Anaplasma phagocytophilum surface protein AipA mediates invasion of mammalian host cells.

Cell Microbiol 2014 Aug 3;16(8):1133-45. Epub 2014 Apr 3.

Department of Microbiology and Immunology, Virginia Commonwealth University School of Medicine, Richmond, Virginia, USA.

Anaplasma phagocytophilum, which causes granulocytic anaplasmosis in humans and animals, is a tick-transmitted obligate intracellular bacterium that mediates its own uptake into neutrophils and non-phagocytic cells.
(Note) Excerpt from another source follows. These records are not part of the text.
lemma randic_arc_sum:
  assumes sg: "simple_graph n adj"
  shows "2 * randic n adj
       = (\<Sum>p\<in>arcs n adj. 1 / sqrt (real (degree n adj (fst p)) * real (degree n adj (snd p))))"
proof -
  have "2 * randic n adj
      = (\<Sum>p\<in>arcs n adj. 1 / sqrt (real (\<Prod>v\<in>{fst p, snd p}. degree n adj v)))"
    unfolding randic_def
    by (rule sum_arcs_edge[OF sg, where h = "\<lambda>e. 1 / sqrt (real (\<Prod>v\<in>e. degree n adj v))", symmetric])
  also have "\<dots> = (\<Sum>p\<in>arcs n adj.
      1 / sqrt (real (degree n adj (fst p)) * real (degree n adj (snd p))))"
  proof (rule sum.cong[OF refl])
    fix p assume "p \<in> arcs n adj"
    then obtain u v where uv: "p = (u, v)" "u < n" "adj u v" by (auto simp: arcs_def)
    then have "u \<noteq> v" using sg unfolding simple_graph_def by blast
    then show "1 / sqrt (real (\<Prod>v\<in>{fst p, snd p}. degree n adj v))
        = 1 / sqrt (real (degree n adj (fst p)) * real (degree n adj (snd p)))" by (simp add: uv)
  qed
  finally show ?thesis .
qed

lemma randic_ge_sqrt_degree_sum:
  assumes sg: "simple_graph n adj"
    and deg: "\<And>u. u < n \<Longrightarrow> 1 \<le> degree n adj u \<and> real (degree n adj u) \<le> D"
  shows "(\<Sum>u<n. sqrt (degree n adj u)) / sqrt D - num_edges n adj / D \<le> randic n adj"
proof -
  define d where "d u = real (degree n adj u)" for u
  define X where "X = (\<Sum>u<n. sqrt (d u))"
  have sum_fst: "(\<Sum>p\<in>arcs n adj. 1 / sqrt (d (fst p))) = X"
    using sum_arcs_fst[where f = "\<lambda>u. 1 / sqrt (d u)"] by (simp add: X_def d_def real_div_sqrt)
  have sum_snd: "(\<Sum>p\<in>arcs n adj. 1 / sqrt (d (snd p))) = X"
    using sum_arcs_snd[OF sg, of "\<lambda>u. 1 / sqrt (d u)"] sum_fst by simp
  have "(X + X) / sqrt D - card (arcs n adj) / D
      = (\<Sum>p\<in>arcs n adj. 1 / sqrt (d (fst p)) + 1 / sqrt (d (snd p))) / sqrt D
        - card (arcs n adj) / D"
    by (simp add: sum.distrib sum_fst sum_snd)
  also have "\<dots> = (\<Sum>p\<in>arcs n adj. (1 / sqrt (d (fst p)) + 1 / sqrt (d (snd p))) / sqrt D - 1 / D)"
    by (simp add: sum_subtractf sum_divide_distrib[symmetric])
  also have "\<dots> \<le> 2 * randic n adj"
    unfolding randic_arc_sum[OF sg] d_def
    by (rule sum_mono, rule inv_sqrt_mult_ge) (use deg in \<open>auto simp: arcs_def Suc_le_eq\<close>)
  finally have "(X + X) / sqrt D - card (arcs n adj) / D \<le> 2 * randic n adj" .
  moreover have "(X + X) / sqrt D = 2 * (X / sqrt D)" by simp
  moreover have "real (card (arcs n adj)) / D = 2 * (real (num_edges n adj) / D)"
    by (simp add: card_arcs sum_degree_eq_twice_num_edges[OF sg])
  ultimately show ?thesis unfolding X_def d_def by linarith
qed

lemma randic_ge_num_edges_bound:
  assumes sg: "simple_graph n adj" and "1 \<le> D"
    and deg: "\<And>u. u < n \<Longrightarrow> 1 \<le> degree n adj u \<and> real (degree n adj u) \<le> D"
  shows "(n + (2 * num_edges n adj - real n) / (1 + sqrt D)) / sqrt D - num_edges n adj / D
         \<le> randic n adj"
proof -
  have "(\<Sum>u<n. 1 + (real (degree n adj u) - 1) / (1 + sqrt D)) \<le> (\<Sum>u<n. sqrt (degree n adj u))"
    by (rule sum_mono, rule sqrt_ge_chord) (use deg in auto)
  moreover have "(\<Sum>u<n. real (degree n adj u)) = 2 * num_edges n adj"
    using sum_degree_eq_twice_num_edges[OF sg] by (metis of_nat_mult of_nat_numeral of_nat_sum)
  ultimately have "n + (2 * num_edges n adj - real n) / (1 + sqrt D)
      \<le> (\<Sum>u<n. sqrt (degree n adj u))"
    by (simp add: sum.distrib sum_subtractf sum_divide_distrib[symmetric])
  then have "(n + (2 * num_edges n adj - real n) / (1 + sqrt D)) / sqrt D
      \<le> (\<Sum>u<n. sqrt (degree n adj u)) / sqrt D"
    by (rule divide_right_mono) (use \<open>1 \<le> D\<close> in simp)
  then show ?thesis using randic_ge_sqrt_degree_sum[OF sg deg] by linarith
qed

text \<open>The bound of the previous lemma increases with the number of edges and is about 3.545
  for 13 edges, so the crude enclosure 3.1 <= sqrt 10 <= 3.17 suffices.\<close>

lemma randic_ge_7_div_2:
  assumes sg: "simple_graph 12 adj"
    and deg: "\<And>u. u < 12 \<Longrightarrow> 1 \<le> degree 12 adj u \<and> degree 12 adj u \<le> 10"
    and "13 \<le> num_edges 12 adj"
  shows "7 / 2 \<le> randic 12 adj"
proof -
  define S where "S = sqrt 10"
  define m where "m = real (num_edges 12 adj)"
  define T where "T = 12 + (2 * m - 12) / (1 + S)"
  have S: "31/10 \<le> S" "S \<le> 317/100" unfolding S_def
    by (rule real_le_rsqrt, simp add: power2_eq_square, rule real_le_lsqrt, simp_all add: power2_eq_square)
  have "13 \<le> m" using assms(3) by (simp add: m_def)
  have R: "T / S - m / 10 \<le> randic 12 adj"
    using randic_ge_num_edges_bound[OF sg, of 10] deg by (simp add: T_def S_def m_def)
  have "(2 * m - 12) / (417/100) \<le> (2 * m - 12) / (1 + S)"
    by (rule divide_left_mono) (use S \<open>13 \<le> m\<close> in auto)
  then have T_ge: "12 + (2 * m - 12) * 100 / 417 \<le> T" by (simp add: T_def)
  have "0 \<le> (2 * m - 12) * 100 / 417" using \<open>13 \<le> m\<close> by simp
  then have "0 \<le> T" using T_ge by linarith
  have "T / (317/100) \<le> T / S"
    by (rule divide_left_mono) (use S \<open>0 \<le> T\<close> in auto)
  then have "T * 100 / 317 \<le> T / S" by simp
  then show ?thesis using R T_ge \<open>13 \<le> m\<close> by argo
qed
Invasins of obligate intracellular pathogens are attractive targets for protecting against or curing infection because blocking the internalization step prevents survival of these organisms. The complement of A. phagocytophilum invasins is incompletely defined. Here, we report the significance of a novel A. phagocytophilum invasion protein, AipA. A. phagocytophilum induced aipA expression during transmission feeding of infected ticks on mice. The bacterium upregulated aipA transcription when it transitioned from its non-infectious reticulate cell morphotype to its infectious dense-cored morphotype during infection of HL-60 cells. AipA localized to the bacterial surface and was expressed during in vivo infection. Of the AipA regions predicted to be surface-exposed, only residues 1 to 87 (AipA1-87 ) were found to be essential for host cell invasion. Recombinant AipA1-87 protein bound to and competitively inhibited A. phagocytophilum infection of mammalian cells. Antiserum specific for AipA1-87 , but not other AipA regions, antagonized infection. Additional blocking experiments using peptide-specific antisera narrowed down the AipA invasion domain to residues 9 to 21. An antisera combination targeting AipA1-87 together with two other A. phagocytophilum invasins, OmpA and Asp14, nearly abolished infection of host cells. This study identifies AipA as an A. phagocytophilum surface protein that is critical for infection, demarcates its invasion domain, and establishes a rationale for targeting multiple invasins to protect against granulocytic anaplasmosis.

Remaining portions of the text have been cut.